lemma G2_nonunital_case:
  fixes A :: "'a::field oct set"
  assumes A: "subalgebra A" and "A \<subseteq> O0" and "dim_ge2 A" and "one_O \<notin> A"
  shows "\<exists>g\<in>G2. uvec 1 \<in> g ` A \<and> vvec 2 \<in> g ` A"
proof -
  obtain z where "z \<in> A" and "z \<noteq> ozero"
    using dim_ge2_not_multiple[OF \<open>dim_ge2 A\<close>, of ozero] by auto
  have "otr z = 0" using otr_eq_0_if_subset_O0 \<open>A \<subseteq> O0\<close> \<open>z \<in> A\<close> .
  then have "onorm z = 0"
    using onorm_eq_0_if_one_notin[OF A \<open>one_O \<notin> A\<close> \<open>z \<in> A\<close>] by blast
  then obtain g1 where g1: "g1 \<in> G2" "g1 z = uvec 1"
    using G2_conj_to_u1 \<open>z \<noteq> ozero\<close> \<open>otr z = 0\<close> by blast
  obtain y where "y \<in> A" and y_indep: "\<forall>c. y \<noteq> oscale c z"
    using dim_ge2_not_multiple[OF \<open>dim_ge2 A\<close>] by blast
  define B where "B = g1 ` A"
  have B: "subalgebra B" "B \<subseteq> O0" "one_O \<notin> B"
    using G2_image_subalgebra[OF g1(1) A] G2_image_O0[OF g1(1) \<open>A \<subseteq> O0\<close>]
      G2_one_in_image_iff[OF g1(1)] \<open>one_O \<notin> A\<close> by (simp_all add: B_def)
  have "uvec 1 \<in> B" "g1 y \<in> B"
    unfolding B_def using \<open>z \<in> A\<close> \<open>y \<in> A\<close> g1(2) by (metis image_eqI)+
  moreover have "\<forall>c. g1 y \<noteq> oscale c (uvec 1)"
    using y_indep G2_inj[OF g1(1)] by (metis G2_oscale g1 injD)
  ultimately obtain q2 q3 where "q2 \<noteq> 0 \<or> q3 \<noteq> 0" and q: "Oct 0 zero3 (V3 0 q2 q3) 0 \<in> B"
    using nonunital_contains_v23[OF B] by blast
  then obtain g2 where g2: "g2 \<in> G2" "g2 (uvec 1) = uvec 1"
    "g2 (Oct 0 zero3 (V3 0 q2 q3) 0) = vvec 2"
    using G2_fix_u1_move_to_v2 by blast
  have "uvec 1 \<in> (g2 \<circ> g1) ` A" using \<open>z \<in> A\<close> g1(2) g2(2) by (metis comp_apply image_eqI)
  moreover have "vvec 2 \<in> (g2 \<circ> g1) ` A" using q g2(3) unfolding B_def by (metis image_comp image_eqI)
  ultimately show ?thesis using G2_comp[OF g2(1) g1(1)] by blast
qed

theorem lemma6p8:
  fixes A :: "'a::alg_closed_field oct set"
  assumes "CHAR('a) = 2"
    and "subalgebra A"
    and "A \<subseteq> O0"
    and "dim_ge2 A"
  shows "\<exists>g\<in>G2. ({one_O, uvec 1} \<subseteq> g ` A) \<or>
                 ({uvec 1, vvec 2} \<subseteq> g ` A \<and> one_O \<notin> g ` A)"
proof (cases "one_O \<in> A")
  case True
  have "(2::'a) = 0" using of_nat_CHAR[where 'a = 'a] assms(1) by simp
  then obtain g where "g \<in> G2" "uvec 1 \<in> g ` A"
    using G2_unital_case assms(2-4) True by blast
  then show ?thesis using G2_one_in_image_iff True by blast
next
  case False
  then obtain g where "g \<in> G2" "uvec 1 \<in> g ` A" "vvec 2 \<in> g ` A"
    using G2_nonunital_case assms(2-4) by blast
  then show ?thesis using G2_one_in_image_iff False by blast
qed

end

**Task details:**
Using the data above, print exactly the lines from the line that contains "(metis comp_apply image_eqI)" through the line that contains "using G2_unital_case assms(2-4)", with both included.

**Written solution:**
  have "uvec 1 \<in> (g2 \<circ> g1) ` A" using \<open>z \<in> A\<close> g1(2) g2(2) by (metis comp_apply image_eqI)
  moreover have "vvec 2 \<in> (g2 \<circ> g1) ` A" using q g2(3) unfolding B_def by (metis image_comp image_eqI)
  ultimately show ?thesis using G2_comp[OF g2(1) g1(1)] by blast
qed

theorem lemma6p8:
  fixes A :: "'a::alg_closed_field oct set"
  assumes "CHAR('a) = 2"
    and "subalgebra A"
    and "A \<subseteq> O0"
    and "dim_ge2 A"
  shows "\<exists>g\<in>G2. ({one_O, uvec 1} \<subseteq> g ` A) \<or>
                 ({uvec 1, vvec 2} \<subseteq> g ` A \<and> one_O \<notin> g ` A)"
proof (cases "one_O \<in> A")
  case True
  have "(2::'a) = 0" using of_nat_CHAR[where 'a = 'a] assms(1) by simp
  then obtain g where "g \<in> G2" "uvec 1 \<in> g ` A"
    using G2_unital_case assms(2-4) True by blast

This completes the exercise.